If the case were to proceed, a judge would be asked to rule on the prosecutor’s request to pursue a criminal trial. The Guardian reported on the probe on May 29.

The investigation focuses on Colony’s sale of four hotels, a golf course, marina and some undeveloped land on Sardinia’s Costa Smeralda to Qatar Holding LLC, the investment arm of the Persian Gulf country’s sovereign-wealth fund. According to the prosecutor, Barrack and others used a Luxembourg company to artificially load their Sardinia firm with debt, falsely reducing the taxes due from the resort sale.

In response, Barrack’s lawyer said, "The use of Luxembourg companies to conduct business throughout the European Union is common and perfectly lawful." Colony was advised in the transactions "by the most sophisticated international legal and accounting professionals."

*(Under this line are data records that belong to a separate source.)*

definition strict_corner :: "('a \<Rightarrow> 'a \<Rightarrow> bool) \<Rightarrow> 'a set \<Rightarrow> 'a \<Rightarrow> bool" where
  "strict_corner E S v \<longleftrightarrow> v \<in> S \<and>
     (\<exists>w\<in>S. w \<noteq> v \<and> cnbhd E S v \<subset> cnbhd E S w)"

definition is_clique :: "('a \<Rightarrow> 'a \<Rightarrow> bool) \<Rightarrow> 'a set \<Rightarrow> bool" where
  "is_clique E S \<longleftrightarrow> (\<forall>u\<in>S. \<forall>v\<in>S. E u v)"

text \<open>stage E V n is the vertex set of G^(n+1) (empty once the procedure has
stopped at a clique; unchanged forever once it stops with no strict corners).\<close>
fun stage :: "('a \<Rightarrow> 'a \<Rightarrow> bool) \<Rightarrow> 'a set \<Rightarrow> nat \<Rightarrow> 'a set" where
  "stage E V 0 = V"
| "stage E V (Suc n) =
     (let S = stage E V n in
      if is_clique E S then {} else {v \<in> S. \<not> strict_corner E S v})"

text \<open>X_k, the set of vertices of (finite) rank k, for k \<ge> 1.\<close>
definition rank_set :: "('a \<Rightarrow> 'a \<Rightarrow> bool) \<Rightarrow> 'a set \<Rightarrow> nat \<Rightarrow> 'a set" where
  "rank_set E V k =
     (if k = 0 then {} else
      (let S = stage E V (k - 1) in
       if is_clique E S then S else {v \<in> S. strict_corner E S v}))"

text \<open>Every vertex receives a finite rank iff the procedure terminates at a clique,
i.e. some stage is empty.\<close>
definition finite_corner_rank :: "('a \<Rightarrow> 'a \<Rightarrow> bool) \<Rightarrow> 'a set \<Rightarrow> bool" where
  "finite_corner_rank E V \<longleftrightarrow> (\<exists>n. stage E V n = {})"

text \<open>The corner rank (largest rank of a vertex), for graphs of finite corner rank:
if G^(a) is the final clique then stage a is the first empty stage.\<close>
definition corner_rank :: "('a \<Rightarrow> 'a \<Rightarrow> bool) \<Rightarrow> 'a set \<Rightarrow> nat" where
  "corner_rank E V = (LEAST n. stage E V n = {})"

"These claims have no basis and even frivolously name Tom Barrack even though he was not an employee, officer, or director of Colony Sardegna Sarl or any subsidiary," he said.

The prosecutor has named as suspects five Colony companies, including Santa Monica, California-based Colony Capital LLC.

Colony bought Sardinian properties in 2003 for 290 million euros. In 2007 and 2012, the Colony investment company sold the Sardinian interests, Barrack’s lawyer, Petrocelli, said. The sale to Qatar in 2012 was for about 600 million euros, according to media reports at the time of the deal.

Developed by the Aga Khan in the 1960s and 1970s, the strip of coast is where billionaire Silvio Berlusconi and others have vacation homes. To mark the 2012 deal, Qatari Emir Sheikh Hamad bin Khalifa Al Thani held a news conference in Rome with then-Italian Prime Minister Mario Monti.

A spokesman for the Qatar Investment Authority, which incorporates Qatar Holding, declined to comment.

Barrack founded Colony in 1991 and began investing in property in the wake of the savings-and-loan crisis. Colony Capital had raised more than $25 billion before a takeover of NorthStar Asset Management Inc. last year.

Italian media have published stories on the Italian probe since 2015.